Plus qu’un simple choix esthétique, les « azulejos » portugais reflètent des influences culturelles, sociales et économiques indissociables de l’histoire du pays. Découvrons ensemble les maîtres en la matière qui fêtent cette année leurs 175 ans : Viuva Lamego.
La production des azulejos au Portugal remonte au XVIe siècle, mais c’est véritablement au XIXe siècle que cette industrie s’est affirmée face à une demande croissante du Brésil, où ils étaient particulièrement utiles pour protéger les bâtiments des climats chauds et humides, ce qui a entraîné l’émergence d’usines de céramique à travers tout le pays. Parmi les premières, Viúva Lamego, fondée en 1849, qui fête cette année ses 175 printemps.
En effet, tout a commencé dans cette fameuse bâtisse située dans le quartier lisboète de Intendente qui arbore encore aujourd’hui une façade entièrement recouverte d’azulejos figuratifs, réalisés, à l’époque, par le directeur artistique de l’usine, Ferreira das Tabuletas. C’est un exemple pionnier de l’usage de ces « carreaux » comme support publicitaire. À l’origine un atelier de poterie d’António Costa Lamego, ce lieu s’est transformé en usine et a pris le nom de Viúva Lamego lorsque sa femme a pris la direction après sa mort, en 1876. Aujourd’hui classé comme bien d’intérêt public, cet édifice est l’un des symboles de la ville, un véritable emblème du style naïf du XIXe siècle.
Dans ses débuts, l’usine produisait principalement des articles utilitaires en argile rouge, des azulejos en argile blanche et quelques faïences. Avec l’avènement du XXe siècle, les azulejos sont devenus le produit phare de Viúva Lamego, qui s’est alors tournée vers les artistes, leur offrant des ateliers. Dans les années 1930, la production a été déplacée à Palma de Baixo, où elle est restée jusqu’en 1992, avant de s’installer à Abrunheira, à Sintra, où se trouve aujourd’hui l’usine.

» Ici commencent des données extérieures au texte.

(* Let $\mathfrak g=A_2$, $\lambda=m_1\lambda_1+m_2\lambda_2\in\Lambda^+$ and $\mu=u_1\lambda_1+u_2\lambda_2\in\Lambda^+$ with $m^\mu_{\lambda,2}\neq0$. If $m_1\ge m_2$ then $u_1+2u_2\ge2(m_1-m_2)$; if $m_1\le m_2$ then $2u_1+u_2\ge2(m_2-m_1)$.
   Context: $A_2=\mathfrak{sl}_3$ with fundamental weights $\lambda_1,\lambda_2$ and dominant weights $\Lambda^+=\mathbb N\lambda_1+\mathbb N\lambda_2$. The plethysm multiplicities $m^\mu_{\lambda,2}$ are defined by $\psi_2(\mathrm{ch}_\lambda)=\sum_{\mu\in\Lambda^+}m^\mu_{\lambda,2}\mathrm{ch}_\mu$, with $\mathrm{ch}_\lambda$ the formal character of the irreducible representation $V_\lambda$ and $\psi_2(e_\nu)=e_{2\nu}$. *)

theory Defs
  imports Main
begin

text \<open>Weights of A2 = sl3 in fundamental-weight coordinates: (a,b) stands for
  a*lambda_1 + b*lambda_2.  Elements of the group ring Z[weight lattice]
  (formal characters) are finitely supported functions wt => int.\<close>

type_synonym wt = "int \<times> int"

definition wadd :: "wt \<Rightarrow> wt \<Rightarrow> wt" where
  "wadd x y = (fst x + fst y, snd x + snd y)"

definition wsub :: "wt \<Rightarrow> wt \<Rightarrow> wt" where
  "wsub x y = (fst x - fst y, snd x - snd y)"

definition dominant :: "wt \<Rightarrow> bool" where
  "dominant x \<longleftrightarrow> fst x \<ge> 0 \<and> snd x \<ge> 0"

definition rho :: wt where "rho = (1, 1)"
lemma hermite_seq_eq_fact_coeff: "hermite_seq X Y n = fact n * hermite_coeff X Y n"
proof (rule hermite_seq_unique[symmetric])
  show "fact 0 * hermite_coeff X Y 0 = 1" and "fact 1 * hermite_coeff X Y 1 = X"
    by (simp_all add: hermite_coeff_def exp_coeff_def spread_def)
  fix m
  have "fact (Suc (Suc m)) * hermite_coeff X Y (Suc (Suc m))
      = fact (Suc m) * (of_nat (Suc (Suc m)) * hermite_coeff X Y (Suc (Suc m)))"
    by (simp add: algebra_simps del: of_nat_Suc)
  also have "\<dots> = X * (fact (Suc m) * hermite_coeff X Y (Suc m)) + of_nat (Suc m) * Y * (fact m * hermite_coeff X Y m)"
    unfolding hermite_coeff_Suc by (simp add: hermite_coeff_def lessThan_Suc_atMost algebra_simps del: of_nat_Suc)
  finally show "fact (Suc (Suc m)) * hermite_coeff X Y (Suc (Suc m))
      = X * (fact (Suc m) * hermite_coeff X Y (Suc m)) + of_nat (Suc m) * Y * (fact m * hermite_coeff X Y m)" .
qed

lemma exp_coeff_sums: "exp_coeff z sums exp (z::'a::{real_normed_field,banach})"
  using exp_converges[of z] by (simp add: exp_coeff_def[abs_def] scaleR_conv_of_real divide_inverse mult.commute)

lemma norm_exp_coeff: "norm (exp_coeff z i) = exp_coeff (norm (z::'a::{real_normed_field,banach})) i"
  by (simp add: exp_coeff_def norm_divide norm_power)

lemma exp_coeff_mult: "exp_coeff (z * t) i = t ^ i * exp_coeff z i"
  by (simp add: exp_coeff_def power_mult_distrib)

lemma spread_exp_coeff_mult: "spread (exp_coeff (Y * t\<^sup>2 / 2)) m = t ^ m * spread (exp_coeff (Y / 2)) m"
proof (cases "even m")
  case True
  then have "t ^ m = (t\<^sup>2) ^ (m div 2)"
    by (simp add: power_mult[symmetric])
  then show ?thesis
    using True by (simp add: spread_def exp_coeff_def power_mult_distrib field_simps)
qed (simp add: spread_def)

lemma sums_spread:
  assumes "f sums L"
  shows "spread f sums L"
proof -
  have "strict_mono (\<lambda>k::nat. 2 * k)"
    by (rule strict_monoI) simp
  moreover have "spread f m = 0" if "m \<notin> range (\<lambda>k. 2 * k)" for m
    using that by (auto simp: spread_def)
  moreover have "(\<lambda>k. spread f (2 * k)) sums L"
    using assms by (simp add: spread_def)
  ultimately show ?thesis
    using sums_mono_reindex by blast
qed

lemma hermite_seq_sums:
  fixes X Y t :: "'a::{real_normed_field,banach}"
  shows "(\<lambda>n. hermite_seq X Y n * t ^ n / fact n) sums exp (X * t + Y * t\<^sup>2 / 2)"
proof -
  let ?a = "exp_coeff (X * t)" and ?b = "spread (exp_coeff (Y * t\<^sup>2 / 2))"
  have na: "summable (\<lambda>i. norm (?a i))"
    using exp_coeff_sums[of "norm (X * t)"] by (auto simp: norm_exp_coeff summable_def)
  have "(\<lambda>m. norm (?b m)) = spread (exp_coeff (norm (Y * t\<^sup>2 / 2)))"
    by (auto simp: spread_def norm_exp_coeff)
  then have nb: "summable (\<lambda>m. norm (?b m))"
    using sums_spread[OF exp_coeff_sums[of "norm (Y * t\<^sup>2 / 2)"]] by (metis summable_def)
  have "(\<lambda>k. \<Sum>i\<le>k. ?a i * ?b (k - i)) sums ((\<Sum>k. ?a k) * (\<Sum>k. ?b k))"
    by (rule Cauchy_product_sums[OF na nb])
  moreover have "(\<Sum>k. ?a k) = exp (X * t)" and "(\<Sum>k. ?b k) = exp (Y * t\<^sup>2 / 2)"
    by (rule sums_unique[symmetric], rule exp_coeff_sums)
      (rule sums_unique[symmetric], rule sums_spread, rule exp_coeff_sums)
  moreover have "(\<Sum>i\<le>k. ?a i * ?b (k - i)) = hermite_seq X Y k * t ^ k / fact k" for k
  proof -
    have "?a i * ?b (k - i) = t ^ k * (exp_coeff X i * spread (exp_coeff (Y / 2)) (k - i))" if "i \<le> k" for i
      using that by (simp add: exp_coeff_mult spread_exp_coeff_mult mult_ac flip: power_add)
    then have "(\<Sum>i\<le>k. ?a i * ?b (k - i)) = t ^ k * hermite_coeff X Y k"
      by (simp add: hermite_coeff_def sum_distrib_left)
    then show ?thesis
      by (simp add: hermite_seq_eq_fact_coeff)
  qed
  ultimately show ?thesis
    by (simp add: exp_add)
qed

lemma power_int_half:
  fixes x :: "'a::field"
  assumes "x \<noteq> 0" and "even (m + k)"
  shows "(x\<^sup>2) powi ((int m - int k) div 2) = x ^ m / x ^ k"
proof -
  have "2 * ((int m - int k) div 2) = int m - int k"
    using assms(2) by presburger
  then have "(x\<^sup>2) powi ((int m - int k) div 2) = x powi (int m - int k)"
    by (metis power_int_mult power_int_of_nat of_nat_numeral)
  also have "\<dots> = x ^ m / x ^ k"
    using assms(1) by (simp add: power_int_diff)
  finally show ?thesis .
qed

lemma hfun_summand_eq_weight_ratio:
  fixes x y c :: "'a::field"
  assumes "x \<noteq> 0" and "y \<noteq> 0" and "c \<noteq> 0" and lam: "lam \<in> P_set r n"
  shows "(x\<^sup>2) powi ((int (odd_parts lam) - int (odd_parts (delta r))) div 2) *
      (y\<^sup>2) powi ((int (odd_parts (conj_part lam)) - int (odd_parts (delta r))) div 2) *
      c powi (int (dstat lam) - int (dstat (delta r)))
    = weight x y c (cells lam) / weight x y c (cells (delta r))"
proof -
  let ?D = "cells (delta r)" and ?C = "cells lam"
  have p: "is_partition lam" and reach: "dom_step\<^sup>*\<^sup>* (delta r) lam"
    using lam by (auto simp: P_set_def has_two_core_def)
  have parity: "even (odd_rows ?D + odd_rows ?C)" "even (odd_cols ?D + odd_cols ?C)"
    using dom_step_rtranclp_parity[OF reach] by auto
  have delta_cols: "odd_cols ?D = odd_rows ?D"
    by (metis odd_rows_conjugate conjugate_cells_delta)
  show ?thesis
    unfolding odd_parts_conj_part[OF p]
    using power_int_half[OF assms(1) parity(1)[unfolded add.commute[of "odd_rows ?D"]]]
      power_int_half[OF assms(2) parity(2)[unfolded add.commute[of "odd_cols ?D"]]]
      power_int_diff[OF disjI1[OF assms(3)], of "int (odd_odd_cells ?C)" "int (odd_odd_cells ?D)"]
    by (simp add: weight_def odd_parts_eq_odd_rows dstat_eq_odd_odd_cells delta_cols)
qed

À partir des années 1930, la collaboration avec des artistes visuels est devenue l’un des piliers de Viúva Lamego, qui a su voir le potentiel créatif de ses petits carreaux. En étant présents dans l’usine, en échangeant avec les artisans et en participant à chaque étape des projets, des créateurs de divers horizons ont contribué à revitaliser la céramique artistique au Portugal.
Pour célébrer ses 175 ans, Viúva Lamego a présenté une exposition exclusive au Museu Nacional do Azulejo à Lisbonne, dans le quartier de Marvila : « Une perspective du présent, une vision du futur ». Cette dernière, qui s’est déroulé jusqu’au 29 décembre 2024, a présenté des œuvres de divers artistes établis ainsi que d’une nouvelle génération. Elle a mit en lumière le présent et l’avenir de l’une des usines d’azulejos les plus importantes au Portugal, un acteur essentiel de l’histoire de la céramique nationale, sous la direction des chercheurs Rosário Salema de Carvalho et Francisco Queiroz. La présentation mettait en avant des œuvres de 17 artistes parmi lesquels Vhils, Add Fuel, Manuel Pimentel ou encore le Français Hervé Di Rosa.
En parallèle, une seconde salle à l’étage supérieur a exposé une sélection de pièces illustrant les processus de travail et la collaboration entre artistes, architectes, designers et les différents secteurs de l’usine. « Cette exposition, qui revisite l’héritage de Viúva Lamego, fondée en 1849, souligne le lien indéfectible entre l’usine et les artistes, un lien qui perdure à travers les décennies. Accueillir une telle exposition au musée est une grande fierté, car cela met en lumière le patrimoine d’une marque centenaire et son rôle dans la culture de la céramique portugaise », déclare Gonçalo Conceição, PDG de Viúva Lamego.